こうした取りまとめ力、指導力といった能力は、技術者のコンピテンシーとして最も高い能力として位置づけられるため、その回答による得点、力は相当大きな物となることが予想されます。ここで専門家らしい見解を表明できれば、それだけで十分合格力が期待できるということです。
担い手不足の要因と施工分野の課題
【担い手不足の要因】
①敬遠される労働環境:建設部門の担い手は、平成9年ピーク時の75%に減少し、中でも入職者は半減した。
これは、長期にわたった建設投資の減少による労働市場の縮小と少子高齢化に伴う労働人口の減少が背景にある中で、とりわけ3Kと云われる建設業のマイナスイメージによる、入職者の敬遠が主な要因である。
②高まる建設需要:平成23年東日本大震災を契機に、我が国の建設投資は上向きに転じた。これは、震災復興ほか地震対策、異常気象災害等の自然災害対策、急増する老朽化インフラの維持管理など生活及び安全確保のインフラ整備、ならびにオリンピック・パラリンピック準備に係る建設需要の増加が主な要因である。
【施工分野の課題】
①入職者確保のための、快適性向上、安全確保など処遇、労働環境の改善
安全で快適な職場づくりにより、処遇・労働環境のマイナスイメージを排除し、入職者を確保する。
②若手担い手早期育成のための、教育訓練の推進
担い手の教育訓練を外部で行うなど、職業訓練校等の活用により、人手不足で弱体化した社内OJT教育を補い、若手への技術・技能継承と早期育成を促進する。
③生産性向上のための、ICT、IoT等新技術、PCa等新工法の活用
情報新技術、新工法などの活用により、建設生産分野での省力化、効率化、高度化を拡大し、人手不足を凌ぐ生産性向上を推進する。
具体的な対応策と期待される効果
受注者の立場として、
①対応策:未経験者からも好感の持てる、快適な職場への改善及び作業の危険性排除など労働環境の改善
【期待される効果】若手未経験者の入職を促し、人手を確保することで、品質・工程が確保できる。また、人手不足によるムリを軽減し、長時間労働の改善、休日の確保など労働環境を改善できる。このことで、入職者の定着も促進できる。
②対応策:中核技術者・技能者による社内研修及び外部教育訓練機関での担い手研修の導入
【期待される効果】人手不足により弱体化したOJT教育を補い、若手担い手への技術・技能継承確保と担い手の早期育成ができる。また、中核技術・技能者の現場負担を軽減できる。

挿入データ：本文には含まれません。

definition lenard_seq :: "(nat \<Rightarrow> real) \<Rightarrow> (nat \<Rightarrow> dexpr) \<Rightarrow> dexpr \<Rightarrow> dexpr \<Rightarrow> nat \<Rightarrow> dexpr"
  where "lenard_seq ep vx c0 K n = lenard_prefix ep vx c0 K n n"

lemma lenard_prefix_eq:
  "lenard_prefix ep vx c0 K n p = (if p \<le> n then lenard_seq ep vx c0 K p else DConst 0)"
proof (induction n arbitrary: p)
  case (Suc n)
  then show ?case
    by (cases "p = Suc n") (simp_all add: lenard_seq_def[of _ _ _ _ "Suc n"])
qed (simp add: lenard_seq_def)

lemma lenard_seq_0: "lenard_seq ep vx c0 K 0 = c0"
  by (simp add: lenard_seq_def)

lemma lenard_seq_Suc: "lenard_seq ep vx c0 K (Suc n) = DMult K (quad_expr ep vx (Suc n)
    (\<lambda>p. if p \<le> n then lenard_seq ep vx c0 K p else DConst 0))"
proof -
  have "lenard_seq ep vx c0 K (Suc n) = DMult K (quad_expr ep vx (Suc n) (lenard_prefix ep vx c0 K n))"
    by (simp add: lenard_seq_def)
  then show ?thesis
    by (simp only: lenard_prefix_eq[abs_def])
qed

lemma fields_below_lenard_seq:
  assumes "fields_below N c0" "fields_below N K" "\<And>d. fields_below N (vx d)"
  shows "fields_below N (lenard_seq ep vx c0 K n)"
proof (induction n rule: less_induct)
  case (less n)
  then show ?case
    using assms by (cases n) (auto simp: lenard_seq_0 lenard_seq_Suc intro!: fields_below_quad_expr)
qed

lemma quad_coeff_lenard_seq:
  assumes "fields_below N c0" "fields_below N K" "\<And>d. fields_below N (vx d)"
    and ep0: "ep 0 = 0"
    and K: "along u K x * along u (vx 0) x * along u c0 x = -1"
    and \<kappa>: "along u (vx 0) x * (along u c0 x)\<^sup>2 = \<kappa>"
  defines "c \<equiv> lenard_seq ep vx c0 K"
  shows "quad_coeff ep (\<lambda>d. along u (vx d) x) n (\<lambda>p. along u (c p) x)
      (\<lambda>p. along u (ddx (c p)) x) (\<lambda>p. along u (ddx (ddx (c p))) x) = (if n = 0 then \<kappa> / 2 else 0)"
proof (cases n)
  case 0
  then show ?thesis
    using \<kappa> ep0 by (simp add: quad_coeff_def c_def lenard_seq_0 power2_eq_square)
next
  case (Suc m)
  define f where "f p = (if p \<le> m then c p else DConst 0)" for p
  define q where "q = quad_coeff ep (\<lambda>d. along u (vx d) x) n (\<lambda>p. along u (f p) x)
      (\<lambda>p. along u (ddx (f p)) x) (\<lambda>p. along u (ddx (ddx (f p))) x)"
  have cn: "along u (c n) x = along u K x * q"
    unfolding q_def f_def c_def using Suc by (simp add: lenard_seq_Suc dval_quad_expr)
  have "c 0 = c0"
    by (simp add: c_def lenard_seq_0)
  have "quad_coeff ep (\<lambda>d. along u (vx d) x) n (\<lambda>p. along u (c p) x)
      (\<lambda>p. along u (ddx (c p)) x) (\<lambda>p. along u (ddx (ddx (c p))) x)
      = q + along u (vx 0) x * along u (c 0) x * along u (c n) x"
    unfolding q_def by (rule quad_coeff_split_top) (auto simp: ep0 Suc f_def)
  also have "\<dots> = q * (1 + along u K x * along u (vx 0) x * along u c0 x)"
    by (simp add: cn \<open>c 0 = c0\<close> algebra_simps)
  also have "\<dots> = 0"
    by (simp only: K) simp
  finally show ?thesis using Suc by simp
qed

lemma J_term_convolution_lenard_seq:
  assumes adm: "admissible N u"
    and fb: "fields_below N c0" "fields_below N K" "\<And>d. fields_below N (vx d)"
    and ep0: "ep 0 = 0"
    and c0: "\<And>x. along u c0 x \<noteq> 0"
    and K: "\<And>x. along u K x * along u (vx 0) x * along u c0 x = -1"
    and \<kappa>: "\<And>x. along u (vx 0) x * (along u c0 x)\<^sup>2 = \<kappa>"
  defines "c \<equiv> lenard_seq ep vx c0 K"
  shows "(\<Sum>d\<le>r. J_term ep (\<lambda>d. along u (vx d)) (\<lambda>d. along u (ddx (vx d)))
      (\<lambda>p. along u (c p)) (\<lambda>p. along u (ddx (c p))) (\<lambda>p. along u (ddx (ddx (ddx (c p)))))
      d (r - d) x) = 0"
proof (rule convolution_eq_zero_imp_eq_zero[where c="\<lambda>p. along u (c p) x"])
  have fbc: "fields_below N (c p)" for p
    unfolding c_def using fields_below_lenard_seq fb by blast
  fix n
  define Q where "Q y = quad_coeff ep (\<lambda>d. along u (vx d) y) n (\<lambda>p. along u (c p) y)
      (\<lambda>p. along u (ddx (c p)) y) (\<lambda>p. along u (ddx (ddx (c p))) y)" for y
  have "(Q has_real_derivative (\<Sum>p\<le>n. along u (c p) x * (\<Sum>d\<le>n-p.
      J_term ep (\<lambda>d. along u (vx d)) (\<lambda>d. along u (ddx (vx d))) (\<lambda>p. along u (c p))
        (\<lambda>p. along u (ddx (c p))) (\<lambda>p. along u (ddx (ddx (ddx (c p))))) d (n-p-d) x))) (at x)"
    unfolding Q_def
    by (intro has_real_derivative_quad_coeff has_real_derivative_dval[OF adm]
        fields_below_ddx fbc fb)
  moreover have "Q = (\<lambda>y. if n = 0 then \<kappa> / 2 else 0)"
  proof
    fix y
    show "Q y = (if n = 0 then \<kappa> / 2 else 0)"
      unfolding Q_def c_def using fb ep0 K[of y] \<kappa>[of y] by (rule quad_coeff_lenard_seq)
  qed
  ultimately show "(\<Sum>p\<le>n. along u (c p) x * (\<Sum>d\<le>n-p. J_term ep (\<lambda>d. along u (vx d))
      (\<lambda>d. along u (ddx (vx d))) (\<lambda>p. along u (c p)) (\<lambda>p. along u (ddx (c p)))
      (\<lambda>p. along u (ddx (ddx (ddx (c p))))) d (n - p - d) x)) = 0"
    using DERIV_unique DERIV_const by blast
next
  show "along u (c 0) x \<noteq> 0" using c0 by (simp add: c_def lenard_seq_0)
qed

lemma sum_atMost_truncate:
  fixes F :: "nat \<Rightarrow> real"
  assumes "\<And>d. N < d \<Longrightarrow> F d = 0"
  shows "(\<Sum>d\<le>r. F d) = (\<Sum>d\<le>N. if d \<le> r then F d else 0)"
proof -
  have "(\<Sum>d\<le>r. F d) = (\<Sum>d\<le>min r N. F d)"
    using assms by (intro sum.mono_neutral_right) (auto, metis not_le)
  also have "\<dots> = (\<Sum>d\<in>{..N} \<inter> {d. d \<le> r}. F d)"
    by (rule sum.cong) auto
  finally show ?thesis
    by (simp add: sum.inter_restrict)
qed

text \<open>\<open>pos_eps\<close>, \<open>pos_field\<close> are the coefficients \<open>\<epsilon>\<^sub>N\<^sub>-\<^sub>d\<close>, \<open>u\<^sub>N\<^sub>-\<^sub>d\<close> of the pencil
  \<open>\<Sum>\<^sub>d J\<^sub>N\<^sub>-\<^sub>d \<lambda>\<^sup>d\<close> (its \<open>d = 0\<close> term is \<open>J\<^sub>N = -\<partial>\<close>), and \<open>neg_eps\<close>, \<open>neg_field\<close> those of the
  reversed pencil \<open>\<Sum>\<^sub>d J\<^sub>d \<lambda>\<^sup>d\<close>. The series start at the nonzero entries \<open>2\<close> of \<open>\<gamma>\<^sub>0\<close> and
  \<open>u\<^sub>0\<^sup>-\<^sup>1\<^sup>/\<^sup>2\<close> of \<open>\<gamma>\<^sub>-\<^sub>1\<close>, and \<open>gamma_expr n\<close> is the sequence \<open>a\<^sub>n\<close> of all windows,
  vanishing for \<open>-N < n < 0\<close>.\<close>

definition pos_eps :: "nat \<Rightarrow> (nat \<Rightarrow> real) \<Rightarrow> nat \<Rightarrow> real" where
  "pos_eps N eps d = (if d = 0 \<or> N < d then 0 else eps (N - d))"

definition pos_field :: "nat \<Rightarrow> nat \<Rightarrow> dexpr" where
  "pos_field N d = (if d = 0 then DConst (-1) else if d \<le> N then DJet (N - d) 0 else DConst 0)"

definition neg_eps :: "nat \<Rightarrow> (nat \<Rightarrow> real) \<Rightarrow> nat \<Rightarrow> real" where
  "neg_eps N eps d = (if d \<le> N then eps d else 0)"
lemma mode_bound_transient:
  assumes "decay_margin c" "i \<in> {1..N}" "finite S" "M \<ge> 0" "a \<le> b" "b \<le> a + Tb"
    and dx: "\<And>r. r \<in> {a..b} \<Longrightarrow>
      (x has_vector_derivative A i *v x r + B i *v (gain i (r - a) *v x r)) (at r within {a..b})"
    and init: "\<And>\<sigma> j. \<sigma> \<in> S \<Longrightarrow> \<sigma> * x a $ j \<le> M * X i 0 $ j $ j"
    and "\<sigma> \<in> S" "r \<in> {a..b}"
  shows "\<sigma> * x r $ j \<le> M * exp (- (c/2) * (r - a)) * X i (r - a) $ j $ j"
proof -
  have \<tau>: "r - a \<in> {0..Tb}" if "r \<in> {a..b}" for r using that assms(6) by auto
  have "\<sigma> * x r $ j \<le> M * exp (- (c/2) * (r - a)) * (\<chi> l. X i (r - a) $ l $ l) $ j"
  proof (rule weighted_exp_bound[where F = "\<lambda>r. A i ** X i (r - a) + B i ** U i (r - a)"
        and w' = "\<lambda>r. \<chi> l. dX i (r - a) $ l $ l"])
    show "(x has_vector_derivative (A i ** X i (r - a) + B i ** U i (r - a)) *v
        (\<chi> l. x r $ l / (\<chi> l. X i (r - a) $ l $ l) $ l)) (at r within {a..b})"
      if "r \<in> {a..b}" for r
      using dx[OF that] closed_loop_field_scaled[OF assms(2) \<tau>[OF that]] by simp
    show "((\<lambda>r. (\<chi> l. X i (r - a) $ l $ l) $ l) has_real_derivative (\<chi> l. dX i (r - a) $ l $ l) $ l)
        (at r within {a..b})" if "r \<in> {a..b}" for r l
      using X_diag_shift_deriv[OF assms(2,5,6) that] by simp
    show "0 < (\<chi> l. X i (r - a) $ l $ l) $ l" if "r \<in> {a..b}" for r l
      using X_diag_pos[OF assms(2) \<tau>[OF that]] by simp
    show "0 \<le> (A i ** X i (r - a) + B i ** U i (r - a)) $ l $ l'" if "r \<in> {a..b}" "l \<noteq> l'" for r l l'
      using metzler[OF assms(2) \<tau>[OF that(1)] that(2)] .
    show "((A i ** X i (r - a) + B i ** U i (r - a)) *v ones) $ l
        \<le> (\<chi> l. dX i (r - a) $ l $ l) $ l - c * (\<chi> l. X i (r - a) $ l $ l) $ l" if "r \<in> {a..b}" for r l
    proof -
      have "((- dX i (r - a) + A i ** X i (r - a) + B i ** U i (r - a)) *v ones) $ l =
          ((A i ** X i (r - a) + B i ** U i (r - a)) *v ones) $ l - dX i (r - a) $ l $ l"
        using dX_diag[OF assms(2) \<tau>[OF that]]
        by (simp add: add.assoc matrix_vector_mult_add_rdistrib matrix_vector_mult_diff_rdistrib
            diag_mat_mult_ones)
      moreover have "((- dX i (r - a) + A i ** X i (r - a) + B i ** U i (r - a)) *v ones) $ l
          \<le> - c * X i (r - a) $ l $ l"
        using assms(1,2) \<tau>[OF that] unfolding decay_margin_def by blast
      ultimately show ?thesis by simp
    qed
  qed (use assms init decay_margin_def in auto)
  thus ?thesis by simp
qed

lemma mode_bound_steady:
  assumes "decay_margin c" "i \<in> {1..N}" "finite S" "M \<ge> 0" "a \<le> b"
    and dx: "\<And>r. r \<in> {a..b} \<Longrightarrow>
      (x has_vector_derivative A i *v x r + B i *v (gain i Tb *v x r)) (at r within {a..b})"
    and init: "\<And>\<sigma> j. \<sigma> \<in> S \<Longrightarrow> \<sigma> * x a $ j \<le> M * X i Tb $ j $ j"
    and "\<sigma> \<in> S" "r \<in> {a..b}"
  shows "\<sigma> * x r $ j \<le> M * exp (- (c/2) * (r - a)) * X i Tb $ j $ j"
proof -
  have Tb: "Tb \<in> {0..Tb}" using Tb_pos by simp
  have "\<sigma> * x r $ j \<le> M * exp (- (c/2) * (r - a)) * (\<chi> l. X i Tb $ l $ l) $ j"
  proof (rule weighted_exp_bound[where F = "\<lambda>_. A i ** X i Tb + B i ** U i Tb" and w' = "\<lambda>_. 0"])
    show "(x has_vector_derivative (A i ** X i Tb + B i ** U i Tb) *v
        (\<chi> l. x r $ l / (\<chi> l. X i Tb $ l $ l) $ l)) (at r within {a..b})"
      if "r \<in> {a..b}" for r
      using dx[OF that] closed_loop_field_scaled[OF assms(2) Tb] by simp
    show "0 < (\<chi> l. X i Tb $ l $ l) $ l" for l
      using X_diag_pos[OF assms(2) Tb] by simp
    show "0 \<le> (A i ** X i Tb + B i ** U i Tb) $ l $ l'" if "l \<noteq> l'" for l l'
      using metzler[OF assms(2) Tb that] .
    show "((A i ** X i Tb + B i ** U i Tb) *v ones) $ l \<le> (0 :: real^'n) $ l - c * (\<chi> l. X i Tb $ l $ l) $ l"
      for l
      using assms(1,2) unfolding decay_margin_def by simp
  qed (use assms init decay_margin_def in \<open>auto intro: derivative_eq_intros\<close>)
  thus ?thesis by simp
qed

lemma mode_bound:
  assumes "decay_margin c" "i \<in> {1..N}" "finite S" "M \<ge> 0" "a \<le> b"
    and dx: "\<And>r. r \<in> {a..b} \<Longrightarrow> (x has_vector_derivative
      A i *v x r + B i *v (gain i (min (r - a) Tb) *v x r)) (at r within {a..b})"
    and init: "\<And>\<sigma> j. \<sigma> \<in> S \<Longrightarrow> \<sigma> * x a $ j \<le> M * X i 0 $ j $ j"
    and "\<sigma> \<in> S" "r \<in> {a..b}"
  shows "\<sigma> * x r $ j \<le> M * exp (- (c/2) * (r - a)) * X i (min (r - a) Tb) $ j $ j"
proof -
  have transient: "\<sigma> * x r $ j \<le> M * exp (- (c/2) * (r - a)) * X i (r - a) $ j $ j"
    if "\<sigma> \<in> S" "r \<in> {a..min b (a + Tb)}" for \<sigma> r j
  proof (rule mode_bound_transient[where b = "min b (a + Tb)"])
    fix r assume "r \<in> {a..min b (a + Tb)}"
    with dx[of r] show "(x has_vector_derivative A i *v x r + B i *v (gain i (r - a) *v x r))
        (at r within {a..min b (a + Tb)})"
      by (auto intro: has_vector_derivative_within_subset)
  qed (use assms(1-5) Tb_pos init that in auto)
  show ?thesis
  proof (cases "r \<le> a + Tb")
    case True
    thus ?thesis using transient[OF \<open>\<sigma> \<in> S\<close>] \<open>r \<in> {a..b}\<close> by simp
  next
    case False
    let ?M = "M * exp (- (c/2) * Tb)"
    have "\<sigma> * x r $ j \<le> ?M * exp (- (c/2) * (r - (a + Tb))) * X i Tb $ j $ j"
    proof (rule mode_bound_steady[where a = "a + Tb" and b = b])
      fix r assume "r \<in> {a + Tb..b}"
      with dx[of r] Tb_pos show "(x has_vector_derivative A i *v x r + B i *v (gain i Tb *v x r))
          (at r within {a + Tb..b})"
        by (auto intro: has_vector_derivative_within_subset)
    next
      fix \<sigma> j assume "\<sigma> \<in> S"
      from transient[OF this, of "a + Tb" j] assms(5) False \<open>r \<in> {a..b}\<close> Tb_pos
      show "\<sigma> * x (a + Tb) $ j \<le> ?M * X i Tb $ j $ j" by simp
    qed (use assms(1-4) \<open>\<sigma> \<in> S\<close> False \<open>r \<in> {a..b}\<close> in auto)
    also have "?M * exp (- (c/2) * (r - (a + Tb))) = M * exp (- (c/2) * (r - a))"
      by (simp add: mult.assoc flip: exp_add) (simp add: field_simps)
    finally show ?thesis using False by simp
  qed
qed

lemma solution_deriv_on_interval:
  assumes "closed_loop_solution A B gain Tb t s x" "r \<in> {t k..t (Suc k)}"
  shows "(x has_vector_derivative A (s k) *v x r + B (s k) *v (gain (s k) (min (r - t k) Tb) *v x r))
    (at r within {t k..t (Suc k)})"
  using assms unfolding closed_loop_solution_def by blast
lemma star_subalgebra_quasilocal:
  assumes "star_algebra st ii" and z: "z \<in> S1"
    and sub: "\<forall>I\<in>Jz z. star_subalgebra st ii (A I)"
    and mono: "\<forall>I\<in>Jz z. \<forall>J\<in>Jz z. I \<subseteq> J \<longrightarrow> A I \<subseteq> A J"
  shows "star_subalgebra st ii (quasilocal z A)"
proof -
  have "\<forall>I\<in>Jz z. \<forall>J\<in>Jz z. \<exists>K\<in>Jz z. A I \<subseteq> A K \<and> A J \<subseteq> A K"
  proof (intro ballI)
    fix I J assume "I \<in> Jz z" "J \<in> Jz z"
    then obtain K where "K \<in> Jz z" "I \<subseteq> K" "J \<subseteq> K"
      using Jz_directed[OF z] by blast
    with mono \<open>I \<in> Jz z\<close> \<open>J \<in> Jz z\<close> show "\<exists>K\<in>Jz z. A I \<subseteq> A K \<and> A J \<subseteq> A K"
      by blast
  qed
  with Jz_nonempty[OF z] sub have "star_subalgebra st ii (\<Union>I\<in>Jz z. A I)"
    by (rule star_subalgebra_directed_UN)
  with assms(1) show ?thesis
    unfolding quasilocal_def by (rule star_subalgebra_closure)
qed

lemma net_of_subfactors_quasilocal:
  assumes "net_of_subfactors st ii z N M"
  shows "star_subalgebra st ii (quasilocal z N)" "star_subalgebra st ii (quasilocal z M)"
    "quasilocal z N \<subseteq> quasilocal z M"
proof -
  have sa: "star_algebra st ii" and z: "z \<in> S1"
    and subN: "\<forall>I\<in>Jz z. star_subalgebra st ii (N I)" and subM: "\<forall>I\<in>Jz z. star_subalgebra st ii (M I)"
    and NM: "\<forall>I\<in>Jz z. N I \<subseteq> M I"
    and monoN: "\<forall>I\<in>Jz z. \<forall>J\<in>Jz z. I \<subseteq> J \<longrightarrow> N I \<subseteq> N J"
    and monoM: "\<forall>I\<in>Jz z. \<forall>J\<in>Jz z. I \<subseteq> J \<longrightarrow> M I \<subseteq> M J"
    using assms by (simp_all add: net_of_subfactors_def)
  show "star_subalgebra st ii (quasilocal z N)"
    by (rule star_subalgebra_quasilocal[OF sa z subN monoN])
  show "star_subalgebra st ii (quasilocal z M)"
    by (rule star_subalgebra_quasilocal[OF sa z subM monoM])
  show "quasilocal z N \<subseteq> quasilocal z M"
    using NM by (intro quasilocal_mono) blast
qed

text \<open>The restriction \<open>f|\<^sub>B\<close> of the paper, extended by the identity off B; this is how
  \<open>\<theta> = \<gamma>|\<^sub>N\<close> and \<open>\<sigma>\<^sub>\<beta>\<close> appear in the theorem.\<close>
definition restrict_endo :: "'a set \<Rightarrow> ('a \<Rightarrow> 'a) \<Rightarrow> 'a \<Rightarrow> 'a" where
  "restrict_endo B f x = (if x \<in> B then f x else x)"

lemma star_endo_comp:
  assumes "star_endo st ii A g" and "star_endo st ii A f"
  shows "star_endo st ii A (g \<circ> f)"
  using assms unfolding star_endo_def by simp

lemma star_endo_restrict_endo:
  assumes f: "star_endo st ii A f" and B: "star_subalgebra st ii B" "B \<subseteq> A" "f ` B \<subseteq> B"
  shows "star_endo st ii B (restrict_endo B f)"
proof -
  have "star_endo st ii B f"
    using f B(2,3) unfolding star_endo_def by blast
  with B(1) show ?thesis
    unfolding star_endo_def star_subalgebra_def restrict_endo_def by auto
qed

lemma Ad_mult:
  assumes "star_algebra st ii"
  shows "Ad st (u * v) x = Ad st u (Ad st v x)"
  using assms by (simp add: Ad_def star_algebra_def mult.assoc)

lemma star_endo_Ad:
  assumes "star_endo st ii A f" and "star_subalgebra st ii A" and "u \<in> A" and "x \<in> A"
  shows "f (Ad st u x) = Ad st (f u) (f x)"
  using assms by (simp add: Ad_def star_endo_def star_subalgebra_def)

lemma unitary_in_mult:
  assumes "star_algebra st ii" and "star_subalgebra st ii A"
    and "unitary_in st A u" and "unitary_in st A v"
  shows "unitary_in st A (u * v)"
proof -
  have "st (u * v) * (u * v) = st v * (st u * u) * v" "u * v * st (u * v) = u * (v * st v) * st u"
    using assms(1) by (simp_all add: star_algebra_def mult.assoc)
  with assms(2-) show ?thesis
    by (simp add: unitary_in_def star_subalgebra_def)
qed
(* For any finite nonempty sets $X,Y,Z,W \subseteq \mathbb{Z}$, \[ |X+Y| \;\le\; \frac{|X+Z|\cdot|Z+W|\cdot|W+Y|}{|Z|\cdot|W|}. \]
   Context: For sets $P,Q\subseteq\mathbb{Z}$, $P+Q=\{p+q : p\in P,\ q\in Q\}$. *)

theory Defs
  imports Complex_Main
begin

definition sumset :: "int set \<Rightarrow> int set \<Rightarrow> int set" where
  "sumset P Q = {p + q | p q. p \<in> P \<and> q \<in> Q}"

end

theory Submission
  imports Defs
begin

text \<open>Fix for every \<open>s \<in> X + Y\<close> a representation \<open>s = x\<^sub>s + y\<^sub>s\<close>. The map
  \<open>(s, z, w) \<mapsto> (x\<^sub>s + z, z + w, w + y\<^sub>s)\<close> sends \<open>(X + Y) \<times> Z \<times> W\<close> into
  \<open>(X + Z) \<times> (Z + W) \<times> (W + Y)\<close>, and it is injective because the alternating sum
  of the three coordinates returns \<open>s\<close>, after which \<open>z\<close> and \<open>w\<close> are determined.\<close>

lemma sumset_eq_image: "sumset P Q = (\<lambda>(p, q). p + q) ` (P \<times> Q)"
  unfolding sumset_def by auto

lemma finite_sumset: "finite P \<Longrightarrow> finite Q \<Longrightarrow> finite (sumset P Q)"
  unfolding sumset_eq_image by simp

lemma add_in_sumset: "p \<in> P \<Longrightarrow> q \<in> Q \<Longrightarrow> p + q \<in> sumset P Q"
  unfolding sumset_def by blast

lemma sumset_representation:
  obtains r where "\<And>s. s \<in> sumset P Q \<Longrightarrow> r s \<in> P \<and> s - r s \<in> Q"
proof -
  have "\<forall>s \<in> sumset P Q. \<exists>p. p \<in> P \<and> s - p \<in> Q"
    unfolding sumset_def by force
  then show thesis using bchoice that by metis
qed

lemma card_sumset_mult_le:
  fixes X Y Z W :: "int set"
  assumes "finite X" "finite Y" "finite Z" "finite W"
  shows "card (sumset X Y) * card Z * card W \<le>
    card (sumset X Z) * card (sumset Z W) * card (sumset W Y)"
proof -
  obtain r where r: "\<And>s. s \<in> sumset X Y \<Longrightarrow> r s \<in> X \<and> s - r s \<in> Y"
    using sumset_representation by blast
  define f where "f = (\<lambda>(s, z, w). (r s + z, z + w, w + (s - r s)))"
  have inj: "inj_on f (sumset X Y \<times> Z \<times> W)"
  proof (rule inj_onI)
    fix u u'
    assume "f u = f u'"
    moreover obtain s z w s' z' w' where u: "u = (s, z, w)" "u' = (s', z', w')"
      by (cases u, cases u') auto
    ultimately have eq: "r s + z = r s' + z'" "z + w = z' + w'"
      "w + (s - r s) = w' + (s' - r s')"
      unfolding f_def by auto
    then have "s = s'" by (simp add: algebra_simps)
    with eq show "u = u'" unfolding u by auto
  qed
  have "f ` (sumset X Y \<times> Z \<times> W) \<subseteq> sumset X Z \<times> sumset Z W \<times> sumset W Y"
  proof (rule image_subsetI)
    fix u assume "u \<in> sumset X Y \<times> Z \<times> W"
    then obtain s z w where "u = (s, z, w)" "s \<in> sumset X Y" "z \<in> Z" "w \<in> W"
      by auto
    with r[of s] show "f u \<in> sumset X Z \<times> sumset Z W \<times> sumset W Y"
      unfolding f_def by (simp add: add_in_sumset)
  qed
  from card_inj_on_le[OF inj this]
  have "card (sumset X Y \<times> Z \<times> W) \<le> card (sumset X Z \<times> sumset Z W \<times> sumset W Y)"
    by (simp add: finite_sumset assms)
  then show ?thesis by (simp add: card_cartesian_product mult.assoc)
qed

theorem mainTheorem1:
  fixes X Y Z W :: "int set"
  assumes "finite X" "finite Y" "finite Z" "finite W"
    and "X \<noteq> {}" "Y \<noteq> {}" "Z \<noteq> {}" "W \<noteq> {}"
  shows "real (card (sumset X Y)) \<le>
    real (card (sumset X Z)) * real (card (sumset Z W)) * real (card (sumset W Y))
      / (real (card Z) * real (card W))"
proof -
  have "real (card Z) * real (card W) > 0"
    using assms by (simp add: card_gt_0_iff)
  moreover have "real (card (sumset X Y)) * (real (card Z) * real (card W)) \<le>
      real (card (sumset X Z)) * real (card (sumset Z W)) * real (card (sumset W Y))"
    using card_sumset_mult_le[OF assms(1-4)]
    by (simp only: of_nat_le_iff flip: of_nat_mult mult.assoc)
  ultimately show ?thesis by (simp add: pos_le_divide_eq)
qed

end
(* Let $\nu$ be a probability measure on $\mathrm{U}(d)$ and suppose the set of channels $\{\mathcal{V}:V\in\mathrm{supp}(\nu)\}$ is not an $\epsilon$-net in $\mathcal{U}(d)$. Then there exists $\mathcal{V}_0\in\mathcal{U}(d)$ such that for every integrable function $\Phi$ on $\mathcal{U}(d)$ and every $\kappa$ with $0\le\kappa\le\epsilon$, $$\int_{B(\mathcal{V}_0,\kappa)}\mathrm{d}\mu(\mathcal{U})\,(T_\nu\Phi)(\mathcal{U})\le\max_{\mathcal{V}:\,\mathrm{D}(\mathcal{V},\mathcal{I})\ge\epsilon}\int_{B(\mathcal{V},\kappa)}\mathrm{d}\mu(\mathcal{U})\,\Phi(\mathcal{U}).$$
   Context: $\mathcal{U}(d)$ is the set of unitary channels on $\mathbb{C}^d$, $\mathcal{I}$ the identity channel, $\mu$ the Haar probability measure. $\mathrm{D}(\mathcal{U},\mathcal{V})=\min_\varphi\|U-e^{i\varphi}V\|_\infty$, $B(\mathcal{V},\kappa)=\{\mathcal{U}:\mathrm{D}(\mathcal{U},\mathcal{V})\le\kappa\}$. An $\epsilon$-net is a subset such that every channel is within $\mathrm{D}$-distance $\epsilon$ of some element. $(T_\nu\Phi)(\mathcal{U})=\int\mathrm{d}\nu(V)\,\Phi(\mathcal{V}^{-1}\mathcal{U})$. *)

theory Defs
  imports "HOL-Analysis.Analysis" "HOL-Probability.Probability"
begin

text \<open>d x d complex matrices, d = CARD('n).\<close>

definition cadj :: "complex^'n^'n \<Rightarrow> complex^'n^'n" where
  "cadj A = (\<chi> i j. cnj (A $ j $ i))"

definition unitary_mat :: "complex^'n^'n \<Rightarrow> bool" where
  "unitary_mat A \<longleftrightarrow> A ** cadj A = mat 1"

definition Ud :: "(complex^'n^'n) set" where
  "Ud = {A. unitary_mat A}"

definition cscale :: "complex \<Rightarrow> complex^'n^'n \<Rightarrow> complex^'n^'n" where
  "cscale c A = (\<chi> i j. c * A $ i $ j)"

definition opnorm :: "complex^'n^'n \<Rightarrow> real" where
  "opnorm A = onorm (\<lambda>x. A *v x)"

③対応策:ICT建設機械などICT、IoT技術の活用促進
【期待される効果】情報制御の機械・器具を適所で活用することで、作業が省力化、効率化、高度化できる。また、未熟練技能者まで就業機会が拡大することで、人手不足と重労働を軽減するとともに、技能習熟度に依存しない品質確保と作業能率向上が促進できる。
建設部門全体で取組むべき方策
①適正な工期設定による労働環境改善
工事施工において、受発注者の工程管理担当間で、施工フロー・工事全体のクリティカルパス、施工中の現場工程など工程管理情報を共有し、工期設定支援システムを積極的に共同活用する。これにより、従来の人手作業に伴う、担当者の習熟度、情報量による差異や不透明性を排除し、施工中の条件変化等に対し、速やかに適切な工期変更を行うなど、適正な工期設定を促進する。
②市場要求を組込んだ教育訓練による担い手育成
専門工事業、教育・訓練機関がゼネコンと連携して、担い手の職種・技能レベル別教育訓練体系と実務的教育内容、教材等を整備し、全国各地の訓練校へ普及推進する。ゼネコンの工事動向、職種・技能ニーズを共有し、これに応える職種育成、技能研鑽を組込むことにより、教育訓練の充実、質的向上を推進する。
③情報新技術、新工法活用のための条件整備
調査・設計、維持管理など建設生産に関係する、他分野と施工技術情報を共有し、調査、設計段階からのICT等情報技術、PCa等新工法の採用、施工段階での新技術導入を促進する。そのために、設計基準、その他技術基準、歩掛り等の基準類整備を推進し、調査・設計段階のほか、様々な建設生産プロセスでの新技術・新工法の活用と普及拡大を促進する。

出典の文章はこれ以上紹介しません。